The Shoulder Is The Most Dynamic Joint In The Body
There is more movement possible at the shoulder joint than at any other joint in the body and research shows that it has over 1,600 positions it can obtain! Unfortunately, this dynamic mobility with extreme ranges of movement comes at a price and exposes the joint to lack of stability. There is a constant balancing act between mobility and stability whenever we talk about the health of the shoulder.

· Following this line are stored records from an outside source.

text \<open>\<open>P\<close> does not increase the supremum, so decay along multiples of \<open>N\<close> suffices.\<close>
lemma transfer_power_decay_interpolate:
  assumes "0 < N" "0 < q" "q < 1" "0 \<le> C"
    and decay: "\<And>j x. x \<in> X \<Longrightarrow> \<bar>(P ^^ (j * N)) F x\<bar> \<le> C * q ^ j"
    and x: "x \<in> X"
  shows "\<bar>(P ^^ n) F x\<bar> \<le> C / q * root N q ^ n"
proof -
  define \<rho> where "\<rho> = root N q"
  have \<rho>: "0 < \<rho>" "\<rho> < 1" "\<rho> ^ N = q"
    using assms real_root_less_mono[OF assms(1), of q 1] by (simp_all add: \<rho>_def real_root_pow_pos)
  have "\<rho> ^ n = \<rho> ^ (n div N * N + n mod N)" by simp
  also have "\<dots> = (\<rho> ^ N) ^ (n div N) * \<rho> ^ (n mod N)"
    by (simp only: power_add mult.commute[of "n div N" N] power_mult)
  finally have "\<rho> ^ n = q ^ (n div N) * \<rho> ^ (n mod N)" unfolding \<rho>(3) .
  moreover have "q \<le> \<rho> ^ (n mod N)"
    unfolding \<rho>(3)[symmetric] using \<rho> assms(1) by (intro power_decreasing) auto
  ultimately have "q ^ (n div N) * q \<le> \<rho> ^ n" using assms(2) by (simp add: mult_left_mono)
  then have qle: "q ^ (n div N) \<le> \<rho> ^ n / q" using assms(2) by (simp add: field_simps)
  have "(P ^^ n) F = (P ^^ (n mod N + n div N * N)) F" by simp
  then have "(P ^^ n) F = (P ^^ (n mod N)) ((P ^^ (n div N * N)) F)"
    by (simp only: funpow_add comp_apply)
  then have "\<bar>(P ^^ n) F x\<bar> \<le> C * q ^ (n div N)" using decay x by (simp add: transfer_power_abs_le)
  also have "\<dots> \<le> C * (\<rho> ^ n / q)" using assms(4) qle by (intro mult_left_mono) auto
  finally show ?thesis by (simp add: \<rho>_def)
qed

end
(* For every odd prime $p$, $\gcd\big(S(2),\,2^p+1\big)=1$.
   Context: Let $p$ be an odd prime and $g$ an odd integer which is a primitive root modulo $p$ and modulo $2p$. Define $D_0^{(p)}=\{g^{2k}\bmod p : 0\le k\le \frac{p-1}{2}-1\}$, $D_1^{(p)}=\{g^{2k+1}\bmod p : 0\le k\le \frac{p-1}{2}-1\}$, $D_0^{(2p)}=\{g^{2k}\bmod 2p : 0\le k\le \frac{p-1}{2}-1\}$, $D_1^{(2p)}=\{g^{2k+1}\bmod 2p : 0\le k\le \frac{p-1}{2}-1\}$, viewed as subsets of $\{0,\dots,p-1\}$ resp. $\{0,1,\dots,2p-1\}$. For $j\in\{0,1\}$ let $2D_j^{(p)}=\{2a \bmod 2p : a\in D_j^{(p)}\}$. Let $C_1=D_1^{(2p)}\cup 2D_1^{(p)}\cup\{0\}$ and $C_0=D_0^{(2p)}\cup 2D_0^{(p)}\cup\{p\}$ (these partition $\{0,\dots,2p-1\}$). The binary sequence $s$ of period $2p$ is $s_i=1$ if $i\bmod 2p\in C_1$ and $s_i=0$ otherwise, and $S(2)=\sum_{i=0}^{2p-1}s_i2^i\in\mathbb{Z}$. *)

theory Defs
  imports "HOL-Number_Theory.Number_Theory"
begin

definition int_primroot :: "nat \<Rightarrow> int \<Rightarrow> bool" where
  "int_primroot m g \<longleftrightarrow> residue_primroot m (nat (g mod int m))"

definition D0p :: "nat \<Rightarrow> int \<Rightarrow> nat set" where
  "D0p p g = {nat (g ^ (2*k) mod int p) | k. k < (p - 1) div 2}"
definition D1p :: "nat \<Rightarrow> int \<Rightarrow> nat set" where
  "D1p p g = {nat (g ^ (2*k+1) mod int p) | k. k < (p - 1) div 2}"
definition D0_2p :: "nat \<Rightarrow> int \<Rightarrow> nat set" where
  "D0_2p p g = {nat (g ^ (2*k) mod int (2*p)) | k. k < (p - 1) div 2}"
definition D1_2p :: "nat \<Rightarrow> int \<Rightarrow> nat set" where
  "D1_2p p g = {nat (g ^ (2*k+1) mod int (2*p)) | k. k < (p - 1) div 2}"
lemma descent_set_flip_least_abs:
  assumes w: "w \<in> signed_perms n" and "t < n" and desc: "descent_set n w \<subseteq> {..t}"
  shows "descent_set n (flip_least_abs t n w) - {t} = descent_set n w - {t}"
proof -
  define p where "p = arg_min_on (\<lambda>q. \<bar>w q\<bar>) {int t + 1..int n}"
  note p = least_abs_position[OF assms(1,2), folded p_def]
  have step: "w k < w (k + 1)" if "int t + 1 \<le> k" "k < int n" for k
  proof -
    have "nat k \<notin> descent_set n w"
      using desc that by force
    then show ?thesis
      using signed_perms_ascent[OF w, of "nat k"] that by simp
  qed
  have flip: "flip_least_abs t n w k = (w(p := - w p)) k" if "0 \<le> k" for k
    using p(1) that by (simp add: flip_least_abs_def p_def[symmetric] flip_sign_at_def)
  have "i \<in> descent_set n (flip_least_abs t n w) \<longleftrightarrow> i \<in> descent_set n w"
    if "i < n" "i \<noteq> t" for i
  proof (cases "i < t")
    case True
    then show ?thesis
      using flip[of "int i"] flip[of "int i + 1"] p(1) by (simp add: descent_set_def)
  next
    case False
    then have "int t + 1 \<le> int i"
      using \<open>i \<noteq> t\<close> by simp
    then show ?thesis
      using step[of "int i"] increasing_after_negating_least_abs[OF step p, of "int i"]
        flip[of "int i"] flip[of "int i + 1"] \<open>i < n\<close> by (simp add: descent_set_def)
  qed
  then show ?thesis
    by (auto simp: descent_set_def)
qed

lemma even_card_descent_class_pair:
  assumes S: "S \<subseteq> {..<n}" "S \<noteq> {}"
  shows "even (card (descent_class n S) + card (descent_class n (S - {Max S})))"
proof -
  define t where "t = Max S"
  have "finite S"
    using S(1) finite_subset by blast
  then have t: "t \<in> S" "S \<subseteq> {..t}"
    using S(2) by (auto simp: t_def)
  then have "t < n"
    using S(1) by auto
  define W where "W = {w \<in> signed_perms n. descent_set n w - {t} = S - {t}}"
  have "D - {t} = S - {t} \<longleftrightarrow> D = S \<or> D = S - {t}" for D
    using t(1) by auto
  then have W_split: "W = descent_class n S \<union> descent_class n (S - {t})"
    by (auto simp: W_def descent_class_def)
  have "even (card W)"
  proof (rule even_card_if_fixpoint_free_involution[where h = "flip_least_abs t n"])
    fix w
    assume w: "w \<in> W"
    then have "descent_set n w \<subseteq> {..t}"
      using t(2) by (auto simp: W_def)
    then show "flip_least_abs t n w \<in> W"
      using w \<open>t < n\<close> descent_set_flip_least_abs flip_least_abs_signed_perms
      by (simp add: W_def)
    show "flip_least_abs t n (flip_least_abs t n w) = w"
      by (rule flip_least_abs_involution)
    show "flip_least_abs t n w \<noteq> w"
      using w \<open>t < n\<close> flip_least_abs_neq by (simp add: W_def)
  qed
  moreover have "card W = card (descent_class n S) + card (descent_class n (S - {t}))"
    unfolding W_split using t(1) finite_signed_perms
    by (intro card_Un_disjoint) (auto simp: descent_class_def)
  ultimately show ?thesis
    by (simp add: t_def)
qed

For example, elite swimmers who over-stretch their shoulders in an attempt to increase the range of their stroke, without improving their functional stability, are at increased risk of injury to the rotator cuff. Tennis players and throwing athletes like baseball pitchers and cricketers are essentially asymmetrical, and develop considerable greater shoulder external rotation in their dominant shoulder versus their non-dominant shoulder. This asymmetry leads to instability and a host of problems if left unchecked.
It is at this point we often see the sporting athletes using exercises like external rotation with rubber tubing to keep their rotator cuff in check. I myself used to do this too and you can see how I even suggest this in my article from 7 years ago about rotator cuff training.
But is this the best way to achieve this? When you really understand how the rotator cuff works and the delicate balance between mobility and stability you will see that these exercises can create a stack of problems.
What Does The Rotator Cuff Really Do?
The rotator cuff is made up of the teres minor, the infraspinatus, the supraspinatus and the subscapularis up the front.
- Supraspinatus - The supraspinatus is located at top of the scapula. This muscle allows the shoulder to abduct or raises the arm and moves it away from the body. This muscle is often the one that ends up with severe pain and weakness from constant rubbing and friction. Weakness in this muscle means you will be unable to lift your arm.
- Subscapularis - The subscapularis is at the front side of the scapula, or when looking from behind it is tucked underneath the scapula. It allows the shoulder to internally rotate or turn the upper arm towards the body.
- Infraspinatus and teres minor - The infraspinatus and teres minor muscles are on the back of the scapula. They enable the upper arm to externally rotate or turn outwards away from the body.
When you look at the shoulder you have to look at it as an entire complex and interaction with the thoracic spine, scapula and various muscles that contribute to providing movement and stability to these areas. The role of the scapula and muscles like serratus anterior and lower trapezius cannot be understated whenever we talk about the rotator cuff.
Although each rotator cuff muscle moves the shoulder in a specific direction, they work together to ensure that it is centred in the joint throughout all ranges of movement. While internal and external rotation is something they are responsible for, their main focus and where these four muscles really work well together, is to centrate the humeral head.
As we raise our arm up and down, the rotator cuff works together as a group to keep the humeral head centrated within the joint. If we lose that centration, we get some extra mobility of the humeral head within the joint, and that begins to pinch some of the structures around it. When that happens, and constantly pinch and compress things over and over and over again is when inflammation starts. That is how people develop tendonitis and bursitis type problems.
The rotator cuff working together as a group is the key in preventing this and maintaining healthy shoulder function.
Why Do People Focus On External Rotation Exercises?
If centration of the humeral head is the main purpose of the rotator cuff why do so many people use external rotation exercises? I am not sure exactly why this is still the case but from what I can see the main reason people continue to focus on these exercises alone, all comes back to the upper cross syndrome approach to treating shoulder and neck pain.
This is a syndrome named by Dr Vladimir Janda where “tightness of the upper trapezius and levator scapula on one side of the body crosses with tightness of the pec major and minor. Over time this develops into the dowagers hump seen on the right.
In combination with this tightness the opposing muscles develop “weakness” of the deep cervical flexors ventrally crosses with weakness of the middle and lower trapezius and serratus anterior muscles crucial for optimal shoulder function. This pattern of imbalance creates joint dysfunction at both the neck and the shoulder resulting in pain and compensatory movement.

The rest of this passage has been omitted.